Paradigm Raises $1.2 Billion in Shift From Crypto to AI

The Numbers Tell the Rotation Story

Bitcoin is down nearly 30% year-to-date. AI captured 70% of global startup venture funding in Q2 2026. Draw your own conclusions about where institutional allocators are placing their chips. Paradigm did.

The $1.2 billion raise is substantial by any measure, but the fund thesis shift is the real signal. Managing partner Alana Palmedo framed it in Bloomberg's reporting as portfolio evolution, not abandonment — crypto remains "a really exciting" frontier. But capital follows conviction, and conviction follows returns. The firm has already deployed from the new fund into Zipline International, an autonomous drone delivery company valued at $7.6 billion in January, and True Anomaly, a space defense play valued at $2.2 billion in April. Neither has much to do with on-chain settlement layers.

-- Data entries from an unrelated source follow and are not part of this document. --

lemma Pbark_snoc: "c \<in> Pbark f t k i (b @ [d]) \<Longrightarrow> d # c \<in> Pbark f t (Suc k) i b"
proof -
  assume "c \<in> Pbark f t k i (b @ [d])"
  then obtain x where "length c = k" "x \<noteq> []" "prefix (b @ d # c) (fstar f t i x)"
    and "strict_prefix (b @ [d]) (f i (hd x))"
    by (auto simp: Pbark_def)
  moreover have "strict_prefix b (b @ [d])"
    by (simp add: strict_prefix_def)
  ultimately show ?thesis
    unfolding Pbark_def by (auto dest: prefix_order.less_trans)
qed

lemma Pbark_Nil_eq_Pk: "(\<And>s. f i s \<noteq> []) \<Longrightarrow> Pbark f t k i [] = Pk f t k i []"
  by (auto simp: Pbark_def Pk_def strict_prefix_def) metis

lemma Pk_subset_of_empty_codeword: "f i s = [] \<Longrightarrow> Pk f t k (t i s) [] \<subseteq> Pk f t k i []"
  unfolding Pk_def by (auto intro!: exI[of _ "s # _"])

locale complete_code_tuple =
  fixes m :: nat and f :: "nat \<Rightarrow> 's \<Rightarrow> bool list" and t :: "nat \<Rightarrow> 's \<Rightarrow> nat"
  assumes code_tuple: "code_tuple m t"
    and Pk_1: "j < m \<Longrightarrow> Pk f t 1 j [] = {[False], [True]}"
begin

lemma t_less: "i < m \<Longrightarrow> t i s < m"
  using code_tuple by (simp add: code_tuple_def)

lemma fstar_extend: "j < m \<Longrightarrow> \<exists>y. prefix (fstar f t j x @ [c]) (fstar f t j (x @ y))"
proof (induction x arbitrary: j)
  case Nil
  then have "[c] \<in> Pk f t 1 j []"
    using Pk_1 by (cases c) auto
  then show ?case
    by (auto simp: Pk_def)
next
  case (Cons s x)
  then show ?case
    using t_less by auto
qed

lemma codeword_then_bit: "i < m \<Longrightarrow> \<exists>y. prefix (f i s @ [c]) (fstar f t i (s # y))"
  using fstar_extend[of i "[s]" c] by simp

lemma fstar_prefix_extend:
  assumes "j < m" and "prefix p (fstar f t j x)"
  shows "\<exists>e y. prefix (p @ [e]) (fstar f t j (x @ y))"
proof -
  obtain y where y: "prefix (fstar f t j x @ [True]) (fstar f t j (x @ y))"
    using fstar_extend[OF assms(1)] by blast
  have "prefix p (fstar f t j (x @ y))"
    using assms(2) y by (meson prefix_append prefix_order.trans)
  moreover have "length p < length (fstar f t j (x @ y))"
    using prefix_length_le[OF assms(2)] prefix_length_le[OF y] by simp
  ultimately show ?thesis
    using prefix_append_nth by blast
qed

lemma Pk_extend:
  assumes "j < m" and "c \<in> Pk f t k j b"
  shows "\<exists>e. c @ [e] \<in> Pk f t (Suc k) j b"
proof -
  obtain x where x: "length c = k" "x \<noteq> []" "prefix (b @ c) (fstar f t j x)" "prefix b (f j (hd x))"
    using assms(2) by (auto simp: Pk_def)
  then obtain e y where "prefix ((b @ c) @ [e]) (fstar f t j (x @ y))"
    using fstar_prefix_extend[OF assms(1)] by blast
  then have "c @ [e] \<in> Pk f t (Suc k) j b"
    unfolding Pk_def using x by (intro CollectI conjI exI[of _ "x @ y"]) auto
  then show ?thesis ..
qed

lemma Pbark_extend:
  assumes "i < m" and "c \<in> Pbark f t k i b"
  shows "\<exists>e. c @ [e] \<in> Pbark f t (Suc k) i b"
proof -
  obtain x where x: "length c = k" "x \<noteq> []" "prefix (b @ c) (fstar f t i x)"
      "strict_prefix b (f i (hd x))"
    using assms(2) by (auto simp: Pbark_def)
  then obtain e y where "prefix ((b @ c) @ [e]) (fstar f t i (x @ y))"
    using fstar_prefix_extend[OF assms(1)] by blast
  then have "c @ [e] \<in> Pbark f t (Suc k) i b"
    unfolding Pbark_def using x by (intro CollectI conjI exI[of _ "x @ y"]) auto
  then show ?thesis ..
qed

lemma Pbark_nonempty: "i < m \<Longrightarrow> Pbark f t 0 i b \<noteq> {} \<Longrightarrow> Pbark f t k i b \<noteq> {}"
  by (induction k) (auto dest: Pbark_extend)

lemma Pk_2_first_bit: "j < m \<Longrightarrow> \<exists>e. [d, e] \<in> Pk f t 2 j []"
  using Pk_extend[of j "[d]" 1 "[]"] Pk_1 by (cases d) (auto simp: numeral_2_eq_2)

lemma Pk_2_both_bits: "j < m \<Longrightarrow> \<exists>a b. {[False, a], [True, b]} \<subseteq> Pk f t 2 j []"
  using Pk_2_first_bit[of j False] Pk_2_first_bit[of j True] by blast

lemma card_Pk_2_ge: "j < m \<Longrightarrow> 2 \<le> card (Pk f t 2 j [])"
proof -
  assume "j < m"
  then obtain a b where "{[False, a], [True, b]} \<subseteq> Pk f t 2 j []"
    using Pk_2_both_bits by blast
  then have "card {[False, a], [True, b]} \<le> card (Pk f t 2 j [])"
    by (rule card_mono[OF finite_Pk])
  then show ?thesis
    by simp
qed

lemma Pk_2_eq_pair:
  assumes "j < m" and "card (Pk f t 2 j []) = 2"
  shows "\<exists>a b. Pk f t 2 j [] = {[False, a], [True, b]}"
proof -
  obtain a b where "{[False, a], [True, b]} \<subseteq> Pk f t 2 j []"
    using Pk_2_both_bits[OF assms(1)] by blast
  moreover have "card {[False, a], [True, b]} = card (Pk f t 2 j [])"
    using assms(2) by simp
  ultimately show ?thesis
    using card_subset_eq[OF finite_Pk] by metis
qed

end

locale complete_two_dec = complete_code_tuple +
  assumes two_dec: "two_dec m f t"
begin

lemma Pk_successor_disjoint_Pbark: "i < m \<Longrightarrow> Pk f t 2 (t i s) [] \<inter> Pbark f t 2 i (f i s) = {}"
  using two_dec by (simp add: two_dec_def)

More Than a Check-Writing Machine

Paradigm isn't just reallocating LP capital — it's building infrastructure. The firm debuted an AI agent evaluation tool alongside OpenAI earlier this year. Managing partner Matt Huang is personally leading Tempo, a payments blockchain developed in partnership with Stripe. There's also a prediction markets platform in the pipeline, slated to spin out as an independent company, built on top of existing venues like Kalshi rather than competing with them.

This is a firm positioning itself as a platform, not merely a fund. That carries its own risk profile: operational complexity, talent dilution, and the classic tension between being a good investor and a mediocre company builder.

Where the Smart Money Thinks It's Going

The macro context matters. One data point buried in the reporting: 40 cents of every venture dollar invested in crypto companies in 2025 went to startups building products that merge AI and crypto. A year earlier, that figure was 18 cents. The convergence thesis is winning inside the very ecosystem Paradigm helped fund.

Huang's framing — that AI "really changes everything if you're a founder operating a company or an investor thinking about the future" — reads as sincere. It also reads as a pitch to the next batch of LPs. When a fund raises $1.2 billion on the back of a pivot narrative, the clock starts ticking on deployment velocity and DPI. Paradigm now has to prove that the same instinct that caught the crypto wave in 2021 can catch the AI cycle in 2026 — at significantly higher entry valuations, with capital costs no longer at zero, and with public markets far less forgiving of unprofitable growth stories. The fund is raised. Now comes the hard part.